La première fois que je me suis fait tatouer, j’avais 19 ans. J’étais seule à Berlin pour l’été et je me sentais manifestement seule. J’ai franchi la porte du magasin de tatouage local dans le quartier aéré et arboré où je vivais en tant que nounou, attirée par la vue de personnes de mon âge qui parlaient, riaient et sirotaient du Club-Mate. Lorsque je me suis assise et que j’ai présenté ma cheville pour qu’elle soit marquée d’un texte en cyrillique, le mélange de nervosité et d’excitation a temporairement supplanté mon mal du pays et ma déconfiture. Je ne pouvais pas bavarder avec le tatoueur dans mon allemand approximatif, mais il ne semblait pas s’en préoccuper, tamponnant ma peau de manière experte avant de commencer un processus que j’ai été surpris de trouver plus inconfortable que douloureux. Pendant environ 20 minutes, sur la chaise de cet artiste, je me suis sentie à ma place.
Sept ans plus tard, en août 2020, j’étais allongée sur la chaise d’un autre tatoueur – cette fois à Crown Heights, Brooklyn – tandis qu’il m’encrait un tourbillon de bleus, de jaunes et de verts sur la cuisse pour former la forme d’une moule. Cette fois, j’étais dans ma propre ville, avec beaucoup de mes amis à dix minutes à pied, mais la solitude me hantait toujours. J’avais passé les cinq mois précédents seul dans le nord de l’État de New York, en essayant de ne pas me plaindre de ma solitude alors que je savais la chance que j’avais eue d’échapper à la pandémie de COVID-19 avec une santé, un emploi et un logement sûrs. J’étais devenue une sorte d’étrangère à moi-même au cours de ces cinq mois, mon corps grandissant et changeant à mesure qu’un ancien trouble de l’alimentation refaisait surface ; mon estomac était coupé en deux par des vergetures rouges et violettes à l’air furieux que j’ai dû travailler très dur pour accepter, et j’ai cherché mon tatouage de moule comme un moyen de récupérer ce qui me semblait soudainement inconnu et hors de contrôle.

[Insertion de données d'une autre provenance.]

lemma transport_act_stab:
  assumes h: "h \<in> H" and x: "x \<in> fst X"
  defines "m \<equiv> inv (k (p (snd X h x))) \<otimes> h \<otimes> k (p x)"
  shows "m \<in> stab H S (r (p x))"
    and "snd X (inv (k (p (snd X h x)))) (snd X h x) = snd X m (snd X (inv (k (p x))) x)"
proof -
  define s where "s = p x"
  have s: "s \<in> fst S" and hs: "snd S h s \<in> fst S" and phx: "p (snd X h x) = snd S h s"
    using p_mem[OF x] Hset_closed[OF HS h] p_equivariant h x by (auto simp: s_def equivariant_on_def)
  define t k1 k2 where "t = r s" and "k1 = k s" and "k2 = k (snd S h s)"
  have t: "t \<in> fst S" and k1: "k1 \<in> H" "snd S k1 t = s"
    and k2: "k2 \<in> H" "snd S k2 t = snd S h s"
    using transversal[OF s] transversal[OF hs] transversal_act[OF h s] by (auto simp: t_def k1_def k2_def)
  have k2i: "inv k2 \<in> H" and k1i: "inv k1 \<in> H" and k2ih: "inv k2 \<otimes> h \<in> H"
    using k1 k2 h subgroup.m_inv_closed[OF sub] subgroup.m_closed[OF sub] by auto
  have m: "m = inv k2 \<otimes> h \<otimes> k1" and mH: "m \<in> H"
    using subgroup.m_closed[OF sub k2ih k1(1)] by (auto simp: m_def k1_def k2_def phx s_def)
  have "snd S m t = snd S (inv k2) (snd S h (snd S k1 t))"
    using Hset_mult[OF HS k2ih k1(1) t] Hset_mult[OF HS k2i h] Hset_closed[OF HS k1(1) t] m by simp
  also have "\<dots> = t"
    using k1(2) k2(2) Hset_inv_act[OF sub HS k2(1) t] by simp
  finally show "m \<in> stab H S (r (p x))"
    using mH by (simp add: stab_def t_def s_def)
  have x1: "snd X (inv k1) x \<in> fst X"
    using Hset_closed[OF HX k1i x] .
  have "snd X m (snd X (inv k1) x) = snd X (inv k2 \<otimes> h) (snd X k1 (snd X (inv k1) x))"
    using Hset_mult[OF HX k2ih k1(1) x1] m by simp
  also have "\<dots> = snd X (inv k2) (snd X h x)"
    using Hset_act_inv[OF sub HX k1(1) x] Hset_mult[OF HX k2i h x] by simp
  finally show "snd X (inv (k (p (snd X h x)))) (snd X h x) = snd X m (snd X (inv (k (p x))) x)"
    by (simp add: phx k1_def k2_def s_def)
qed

Ce ne sont là que deux des occasions où le tatouage m’a brièvement sauvé, en me fournissant un scénario alternatif pour la façon dont je voyais mon identité, mon corps, et ma présence physique et spirituelle dans le monde. Le fait de sortir de l’anonymat à 24 ans a bouleversé ma compréhension de qui j’étais ; tout à coup, j’avais de nouveaux amis, de nouveaux rendez-vous, de nouveaux vêtements et une toute nouvelle façon de me voir, et lorsque je me sentais un peu dépassée, j’économisais mon argent et je prenais rendez-vous pour un tatouage, laissant la piqûre de l’aiguille transformer mon corps en quelque chose qui ressemblait à ma maison. Plus récemment, un homme d’à peu près mon âge, à l’air dur et très encré lui-même, m’a tatoué une esquisse d’Egon Schiele ouvertement saphique sur le haut du bras avant que je n’aille retrouver des amis à la réouverture du Cubbyhole ; peu de temps après, je lui donnais un bref historique des quelques bars lesbiens restants de la ville, profitant de la camaraderie fiable – bien que momentanée – qui vient quand on fait confiance à quelqu’un pour modifier son apparence de façon permanente.

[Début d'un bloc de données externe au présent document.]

(* Let $d\ge 1$ and let $(f_0, f_1, \ldots, f_{d-1})$ be a finite sequence of integers with $f_i > 0$ for all $i$. Put $f_{-1}=1$. The following conditions are equivalent: (i) there is a quasi-forest $\Delta$ of dimension $d-1$ with $f(\Delta) = (f_0, \ldots, f_{d-1})$; (ii) there is a forest $\Delta$ of dimension $d-1$ with $f(\Delta) = (f_0, \ldots, f_{d-1})$; (iii) the integers $c_0,\ldots,c_d$ defined by $\sum_{i=0}^{d} f_{i-1}(x-1)^{i} = \sum_{i=0}^{d} c_i x^i$ satisfy $\sum_{i=k}^{d} c_i > 0$ for each $1 \le k \le d$; (iv) the integers $b_1,\ldots,b_d$ defined by $\sum_{i=1}^{d} f_{i-1}(x-1)^{i-1} = \sum_{i=1}^{d} b_i x^{i-1}$ satisfy $b_i > 0$ for all $1 \le i \le d$.
   Context: A simplicial complex $\Delta$ on $[n]=\{1,\ldots,n\}$ is a collection of subsets of $[n]$ such that $\{i\}\in\Delta$ for every $i\in[n]$ and $G\subset F\in\Delta$ implies $G\in\Delta$. If $d=\max\{|F|:F\in\Delta\}$, then $\dim\Delta=d-1$. Facets are maximal faces. The $f$-vector is $f(\Delta)=(f_0,\ldots,f_{d-1})$, where $f_i$ is the number of faces with $i+1$ elements. For facets $F_{i_1},\ldots,F_{i_q}$, $\langle F_{i_1},\ldots,F_{i_q}\rangle$ denotes the subcomplex consisting of all faces contained in some $F_{i_j}$. A facet $F$ of $\Delta$ is a leaf if there is a facet $G\neq F$ (a branch of $F$) with $H\cap F\subset G\cap F$ for all facets $H\neq F$. A quasi-forest is a simplicial complex whose facets admit an ordering $F_1,\ldots,F_s$ (a leaf order) such that for each $1<j\le s$, $F_j$ is a leaf of $\langle F_1,\ldots,F_j\rangle$. A forest is a simplicial complex such that for every nonempty subset $\{F_{i_1},\ldots,F_{i_q}\}$ of its facets, the subcomplex $\langle F_{i_1},\ldots,F_{i_q}\rangle$ has a leaf. (Here a complex with a single facet is regarded as a quasi-forest and forest, its single facet counting as a leaf.) *)

theory Defs
  imports "HOL-Computational_Algebra.Polynomial"
begin

definition simplicial_complex :: "nat \<Rightarrow> nat set set \<Rightarrow> bool" where
  "simplicial_complex n \<Delta> \<longleftrightarrow>
     (\<forall>i\<in>{1..n}. {i} \<in> \<Delta>) \<and> (\<forall>F\<in>\<Delta>. F \<subseteq> {1..n}) \<and>
     (\<forall>F G. F \<in> \<Delta> \<longrightarrow> G \<subseteq> F \<longrightarrow> G \<in> \<Delta>)"

text \<open>Largest face size d; the dimension is d - 1.\<close>
definition face_size :: "nat set set \<Rightarrow> nat" where
  "face_size \<Delta> = Max (card ` \<Delta>)"

definition fnum :: "nat set set \<Rightarrow> nat \<Rightarrow> nat" where
  "fnum \<Delta> i = card {F \<in> \<Delta>. card F = i + 1}"

definition facets :: "nat set set \<Rightarrow> nat set set" where
  "facets \<Delta> = {F \<in> \<Delta>. \<forall>G\<in>\<Delta>. F \<subseteq> G \<longrightarrow> G = F}"

definition gen :: "nat set set \<Rightarrow> nat set set" where
  "gen S = {G. \<exists>F\<in>S. G \<subseteq> F}"

text \<open>Leaf; a sole facet counts as a leaf.\<close>
definition is_leaf :: "nat set set \<Rightarrow> nat set \<Rightarrow> bool" where
  "is_leaf \<Delta> F \<longleftrightarrow> F \<in> facets \<Delta> \<and>
     (facets \<Delta> = {F} \<or>
      (\<exists>G\<in>facets \<Delta>. G \<noteq> F \<and> (\<forall>H\<in>facets \<Delta>. H \<noteq> F \<longrightarrow> H \<inter> F \<subseteq> G \<inter> F)))"

text \<open>Leaf order F_1..F_s (0-indexed list): for 1 < j <= s, F_j is a leaf of <F_1..F_j>.\<close>
definition quasi_forest :: "nat set set \<Rightarrow> bool" where
  "quasi_forest \<Delta> \<longleftrightarrow> (\<exists>Fs. distinct Fs \<and> set Fs = facets \<Delta> \<and>
     (\<forall>j. 0 < j \<and> j < length Fs \<longrightarrow> is_leaf (gen (set (take (Suc j) Fs))) (Fs ! j)))"

definition forest :: "nat set set \<Rightarrow> bool" where
  "forest \<Delta> \<longleftrightarrow> (\<forall>S. S \<subseteq> facets \<Delta> \<longrightarrow> S \<noteq> {} \<longrightarrow> (\<exists>F. is_leaf (gen S) F))"

text \<open>f_{i-1} with the convention f_{-1} = 1.\<close>
definition fshift :: "(nat \<Rightarrow> int) \<Rightarrow> nat \<Rightarrow> int" where
  "fshift f i = (if i = 0 then 1 else f (i - 1))"

end

theory Submission
  imports Defs
begin

(*
  Encode a complex by Q(Delta) = sum over faces A of (x - 1)^|A| = sum_i f_(i-1) (x - 1)^i, the
  polynomial of (iii); since the powers (x - 1)^j form a basis, Q determines the f-vector.  The
  full simplex on F has Q = x^|F|, so by inclusion-exclusion attaching a leaf F along its branch G
  adds x^|F| - x^|G inter F|.  Along a leaf order the tail sums c_k + ... + c_d therefore never drop,
  and each one is already positive once a facet with at least k vertices is present: this gives
  (i) => (iii).  Writing Q = 1 + (x - 1) (sum_i b_i x^(i-1)), the tail sums telescope to b_k, which
  is (iii) <=> (iv).  Conversely, given b_i > 0, glue to the (d-1)-simplex on {1..d}, for each i,
  b_i - 1 further facets, each made of a new vertex and the face {1..i-1}; all facets meet inside
  the nested faces {1..i-1}, so this is a forest, and its Q is the polynomial of (iii), giving
  (iv) => (ii).  A forest is a quasi-forest because leaves can be pruned one at a time.
*)

lemma sum_Pow_power_card:
  fixes y :: "'a::comm_semiring_1"
  assumes "finite F"
  shows "(\<Sum>A\<in>Pow F. y ^ card A) = (y + 1) ^ card F"
  using prod_add[OF assms, of "\<lambda>_. y" "\<lambda>_. 1"] assms
  by (simp add: add.commute)

lemma pcompose_shift_power: "([:-1, 1:] :: 'a::comm_ring_1 poly) ^ j \<circ>\<^sub>p [:1, 1:] = monom 1 j"
proof (induction j)
  case (Suc j)
  have "[:-1, 1:] \<circ>\<^sub>p [:1, 1:] = ([:0, 1:] :: 'a poly)"
    by (simp add: pcompose_pCons one_pCons)
  then show ?case
    by (simp only: power_Suc pcompose_mult Suc.IH) (simp add: monom_altdef)
qed (simp add: pcompose_1)

lemma coeff_shifted_power_sum:
  fixes a :: "nat \<Rightarrow> 'a::comm_ring_1"
  shows "coeff ((\<Sum>j=0..d. smult (a j) ([:-1, 1:] ^ j)) \<circ>\<^sub>p [:1, 1:]) i = (if i \<le> d then a i else 0)"
  by (simp add: pcompose_sum pcompose_smult pcompose_shift_power coeff_sum if_distrib cong: if_cong)

lemma shifted_power_sum_unique:
  fixes a b :: "nat \<Rightarrow> 'a::comm_ring_1"
  assumes "(\<Sum>j=0..d. smult (a j) ([:-1, 1:] ^ j)) = (\<Sum>j=0..d. smult (b j) ([:-1, 1:] ^ j))"
    and "j \<le> d"
  shows "a j = b j"
  using arg_cong[OF assms(1), of "\<lambda>p. coeff (p \<circ>\<^sub>p [:1, 1:]) j"] assms(2)
  by (simp add: coeff_shifted_power_sum)

lemma shifted_power_sum_fshift:
  "(\<Sum>j=0..d. smult (fshift f j) ([:-1, 1:] ^ j))
     = 1 + [:-1, 1:] * (\<Sum>j=1..d. smult (f (j - 1)) ([:-1, 1:] ^ (j - 1)))"
proof -
  have "(\<Sum>j=1..d. smult (fshift f j) ([:-1, 1:] ^ j))
      = (\<Sum>j=1..d. [:-1, 1:] * smult (f (j - 1)) ([:-1, 1:] ^ (j - 1)))"
  proof (rule sum.cong)
    fix j :: nat assume "j \<in> {1..d}"
    then obtain m where j: "j = Suc m" by (cases j) auto
    then have "fshift f j = f m" by (simp add: fshift_def)
    then show "smult (fshift f j) ([:-1, 1:] ^ j) = [:-1, 1:] * smult (f (j - 1)) ([:-1, 1:] ^ (j - 1))"
      by (simp only: j diff_Suc_1 power_Suc mult_smult_right)
  qed simp
  then show ?thesis
    by (simp add: sum.atLeast_Suc_atMost sum_distrib_left fshift_def)
qed

lemma tail_sum_coeff_one_plus_linear_times:
  fixes q :: "'a::comm_ring_1 poly"
  assumes "degree q < d" and "1 \<le> k" and "k \<le> d"
  shows "(\<Sum>i=k..d. coeff (1 + [:-1, 1:] * q) i) = coeff q (k - 1)"
proof -
  have "(\<Sum>i=k..d. coeff (1 + [:-1, 1:] * q) i) = (\<Sum>i=k..d. coeff q (i - 1) - coeff q i)"
  proof (rule sum.cong)
    fix i assume "i \<in> {k..d}"
    then obtain m where "i = Suc m" using assms(2) by (cases i) auto
    then show "coeff (1 + [:-1, 1:] * q) i = coeff q (i - 1) - coeff q i"
      by simp
  qed simp
  also have "\<dots> = coeff q (k - 1) - coeff q d"
  proof -
    have "(\<Sum>i=k..d. coeff q i - coeff q (i - 1)) = coeff q d - coeff q (k - 1)"
      using sum_Suc_diff[of k d "\<lambda>i. coeff q (i - 1)"] assms(3) by simp
    then show ?thesis by (simp add: sum_subtractf) (metis minus_diff_eq)
  qed
  also have "coeff q d = 0" using assms(1) by (simp add: coeff_eq_0)
  finally show ?thesis by simp
qed

lemma degree_shifted_power_sum_less:
  assumes "1 \<le> d"
  shows "degree (\<Sum>j=1..d. smult (a j) ([:-1, 1:] ^ (j - 1)) :: 'a::comm_ring_1 poly) < d"
proof -
  have "degree (\<Sum>j=1..d. smult (a j) ([:-1, 1:] ^ (j - 1)) :: 'a poly) \<le> d - 1"
    by (intro degree_sum_le order.trans[OF degree_smult_le] order.trans[OF degree_power_le])
      auto
  then show ?thesis using assms by linarith
qed

lemma linear_times_eq_sum_monom_diff:
  fixes q :: "'a::comm_ring_1 poly"
  assumes "degree q < d"
  shows "[:-1, 1:] * q = (\<Sum>i<d. smult (coeff q i) (monom 1 (Suc i) - monom 1 i))"
proof -
  have "q = (\<Sum>i<d. monom (coeff q i) i)"
    by (rule poly_eqI) (use assms in \<open>auto simp: coeff_sum coeff_eq_0\<close>)
  also have "[:-1, 1:] * \<dots> = (\<Sum>i<d. smult (coeff q i) (monom 1 (Suc i) - monom 1 i))"
    unfolding sum_distrib_left
    by (rule sum.cong) (simp_all add: smult_monom monom_Suc smult_diff_right minus_monom)
  finally show ?thesis .
qed

lemma tail_sums_pos_iff_coeffs_pos:
  fixes f :: "nat \<Rightarrow> int"
  assumes "1 \<le> d"
  shows "(\<forall>k\<in>{1..d}. (\<Sum>i=k..d. coeff (\<Sum>j=0..d. smult (fshift f j) ([:-1, 1:] ^ j)) i) > 0)
     \<longleftrightarrow> (\<forall>i\<in>{1..d}. coeff (\<Sum>j=1..d. smult (f (j - 1)) ([:-1, 1:] ^ (j - 1))) (i - 1) > 0)"
proof -
  have tail: "(\<Sum>i=k..d. coeff (\<Sum>j=0..d. smult (fshift f j) ([:-1, 1:] ^ j)) i)
      = coeff (\<Sum>j=1..d. smult (f (j - 1)) ([:-1, 1:] ^ (j - 1))) (k - 1)" if "k \<in> {1..d}" for k
    unfolding shifted_power_sum_fshift using that
    by (intro tail_sum_coeff_one_plus_linear_times degree_shifted_power_sum_less assms) auto
  show ?thesis by (rule ball_cong[OF refl]) (simp only: tail)
qed

definition face_poly :: "nat set set \<Rightarrow> int poly" where
  "face_poly \<Delta> = (\<Sum>A\<in>\<Delta>. [:-1, 1:] ^ card A)"

lemma face_poly_Pow: "finite F \<Longrightarrow> face_poly (Pow F) = monom 1 (card F)"
  unfolding face_poly_def by (simp add: sum_Pow_power_card one_pCons monom_altdef)

lemma face_poly_by_card:
  assumes "finite \<Delta>" and "\<forall>A\<in>\<Delta>. card A \<le> d"
  shows "face_poly \<Delta> = (\<Sum>j=0..d. smult (int (card {A\<in>\<Delta>. card A = j})) ([:-1, 1:] ^ j))"
proof -
  have "face_poly \<Delta> = (\<Sum>j=0..d. \<Sum>A\<in>{A\<in>\<Delta>. card A = j}. [:-1, 1:] ^ card A)"
    unfolding face_poly_def by (rule sum.group[symmetric]) (use assms in auto)
  then show ?thesis by (simp add: of_nat_poly)
qed

lemma gen_insert: "gen (insert F S) = gen S \<union> Pow F"
  unfolding gen_def by auto

lemma gen_eq_Union_Pow: "gen S = (\<Union>F\<in>S. Pow F)"
  unfolding gen_def by auto

lemma finite_gen: "finite S \<Longrightarrow> \<forall>F\<in>S. finite F \<Longrightarrow> finite (gen S)"
  unfolding gen_eq_Union_Pow by auto

lemma face_poly_gen_insert:
  assumes "finite S" and "\<forall>H\<in>S. finite H" and "finite F"
    and "G \<in> S" and "\<forall>H\<in>S. H \<inter> F \<subseteq> G \<inter> F"
  shows "face_poly (gen (insert F S)) = face_poly (gen S) + monom 1 (card F) - monom 1 (card (G \<inter> F))"
proof -
  have overlap: "gen S \<inter> Pow F = Pow (G \<inter> F)"
    using assms(4,5) unfolding gen_def by blast
  have "face_poly (gen S \<union> Pow F) + face_poly (gen S \<inter> Pow F) = face_poly (gen S) + face_poly (Pow F)"
    unfolding face_poly_def by (rule sum.union_inter) (use finite_gen assms(1-3) in auto)
  then show ?thesis
    unfolding gen_insert overlap using assms(3) by (simp add: face_poly_Pow algebra_simps del: Pow_Int_eq)
qed

lemma tail_sum_coeff_monom:
  "(\<Sum>i=k..d. coeff (monom 1 a :: 'a::comm_semiring_1 poly) i) = of_bool (k \<le> a \<and> a \<le> d)"
  by simp

lemma tail_sum_face_poly_gen_insert:
  assumes "finite S" and "\<forall>H\<in>S. finite H \<and> card H \<le> d" and "finite F" and "card F \<le> d"
    and "G \<in> S" and "\<forall>H\<in>S. H \<inter> F \<subseteq> G \<inter> F"
  shows "(\<Sum>i=k..d. coeff (face_poly (gen (insert F S))) i)
    = (\<Sum>i=k..d. coeff (face_poly (gen S)) i) + of_bool (k \<le> card F) - of_bool (k \<le> card (G \<inter> F))"
proof -
  have "card (G \<inter> F) \<le> card G" using assms(2,5) by (simp add: card_mono)
  then have "card (G \<inter> F) \<le> d" using assms(2,5) by force
  moreover have "face_poly (gen (insert F S))
      = face_poly (gen S) + monom 1 (card F) - monom 1 (card (G \<inter> F))"
    using assms by (intro face_poly_gen_insert) auto
  ultimately show ?thesis
    using assms(4) by (simp add: sum.distrib sum_subtractf tail_sum_coeff_monom del: coeff_monom)
qed

lemma finite_simplicial_complex: "simplicial_complex n \<Delta> \<Longrightarrow> finite \<Delta>"
  unfolding simplicial_complex_def by (rule finite_subset[of _ "Pow {1..n}"]) auto

lemma finite_face: "simplicial_complex n \<Delta> \<Longrightarrow> A \<in> \<Delta> \<Longrightarrow> finite A"
  unfolding simplicial_complex_def by (meson finite_atLeastAtMost finite_subset)

lemma empty_face: "simplicial_complex n \<Delta> \<Longrightarrow> \<Delta> \<noteq> {} \<Longrightarrow> {} \<in> \<Delta>"
  unfolding simplicial_complex_def by blast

Malheureusement, ce sentiment de confiance n’est pas toujours la norme pour les aficionados du tatouage LGBTQ+. Le tatouage queer a été décrit comme une « famille élue », formée en partie en réponse au visage souvent blanc, cisgenre et hétéronormatif de la culture du tatouage grand public ; à titre anecdotique, je peux attester que presque toutes les personnes queer que je connais ont au moins un tatouage, mais trop souvent, nous pensons encore que le tatouage est un art pratiqué par et pour les hommes cis. Lorsque je parle à Tann Parker, la fondatrice de 29 ans d’Ink the Diaspora, une plateforme de tatouage créée pour lutter contre le colorisme dans l’industrie du tatouage, ils sont très clairs sur ce qu’ils considèrent comme les barrières de l’industrie pour les membres de la communauté LGBTQ+, et les personnes queer et trans de couleur en particulier : « C’est du genre : « Non, regarde ce corps comme si tu allais te faire tatouer ». J’ai l’impression que beaucoup d’hommes cis ne veulent pas qu’on leur dise : « Oh, tu dois être plus doux, tu dois être plus réfléchi et plus attentif à la façon dont tu interagis », surtout quand il s’agit de tatouage. C’est une chose masculine tellement bizarre d’associer d’emblée la douleur au tatouage. »
Samantha Robles, également connue sous le nom de Cake, est une artiste de 31 ans qui a obtenu son premier tatouage à l’âge de 15 ans et a commencé à tatouer à 18 ans. Depuis, elle a noté de nombreux cas de transphobie et d’homophobie désinvoltes dans les boutiques de tatouage, ce qui l’a poussée à ouvrir un studio à Coney Island conçu spécifiquement pour les femmes et les membres de la communauté LGBTQ+. « [Le tatouage] est une expérience très intime, vous savez ? ». note Robles. « Vous montrez des parties de votre corps, vous passez un paquet d’heures avec cette seule personne et vous lui faites confiance, et vous êtes vulnérable, alors vous voulez toujours vous sentir bien du début à la fin de cette expérience. »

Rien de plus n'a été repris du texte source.